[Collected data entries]
lemma level_D:
  assumes "w \<in> V" "w \<noteq> v"
  shows "w \<in> D (level w) - D (Suc (level w))"
proof -
  have ex: "w \<notin> D (Suc depth)"
    using D_eq_singleton_iff[of "Suc depth"] assms(2) by simp
  define k where "k = (LEAST k. w \<notin> D (Suc k))"
  have "w \<notin> D (Suc k)"
    unfolding k_def using ex by (rule LeastI)
  moreover have "w \<in> D k"
  proof (cases k)
    case (Suc k')
    then show ?thesis using not_less_Least[of k' "\<lambda>k. w \<notin> D (Suc k)"] k_def by simp
  qed (simp add: \<open>w \<in> V\<close>)
  ultimately show ?thesis
    using assms(2) unfolding level_def k_def by simp
qed

lemma level_eqI:
  assumes "w \<in> D k - D (Suc k)"
  shows "level w = k"
proof -
  have w: "w \<in> V" "w \<noteq> v"
    using assms D_subset mem_D by blast+
  have "\<not> Suc j \<le> j'" if "w \<in> D j' - D (Suc j')" "w \<in> D j - D (Suc j)" for j j'
    using that D_antimono by blast
  then show ?thesis
    using level_D[OF w] assms by (metis not_less_eq_eq nle_le)
qed

lemma level_root: "level v = depth"
  unfolding level_def by simp

lemma level_less_depth:
  assumes "w \<in> V" "w \<noteq> v"
  shows "level w < depth"
proof (rule ccontr)
  assume "\<not> level w < depth"
  then have "D (level w) = {v}"
    using D_eq_singleton_iff by simp
  with level_D[OF assms] assms(2) show False by blast
qed

lemma level_eq_depth_iff: "w \<in> V \<Longrightarrow> level w = depth \<longleftrightarrow> w = v"
  using level_less_depth level_root by fastforce

lemma level_le_depth: "w \<in> V \<Longrightarrow> level w \<le> depth"
  using level_less_depth[of w] level_root by (cases "w = v") (auto simp: less_imp_le)

lemma level_mem_D: "w \<in> V \<Longrightarrow> w \<in> D (level w)"
  using level_D mem_D by (cases "w = v") auto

■ Exercise prompt ■
What is asked for is an exact copy of the lines above from the one containing "Suc j \<le>" through the one containing "depth \<longleftrightarrow> w", and only those.

■ Response box ■
  have "\<not> Suc j \<le> j'" if "w \<in> D j' - D (Suc j')" "w \<in> D j - D (Suc j)" for j j'
    using that D_antimono by blast
  then show ?thesis
    using level_D[OF w] assms by (metis not_less_eq_eq nle_le)
qed

lemma level_root: "level v = depth"
  unfolding level_def by simp

lemma level_less_depth:
  assumes "w \<in> V" "w \<noteq> v"
  shows "level w < depth"
proof (rule ccontr)
  assume "\<not> level w < depth"
  then have "D (level w) = {v}"
    using D_eq_singleton_iff by simp
  with level_D[OF assms] assms(2) show False by blast
qed

lemma level_eq_depth_iff: "w \<in> V \<Longrightarrow> level w = depth \<longleftrightarrow> w = v"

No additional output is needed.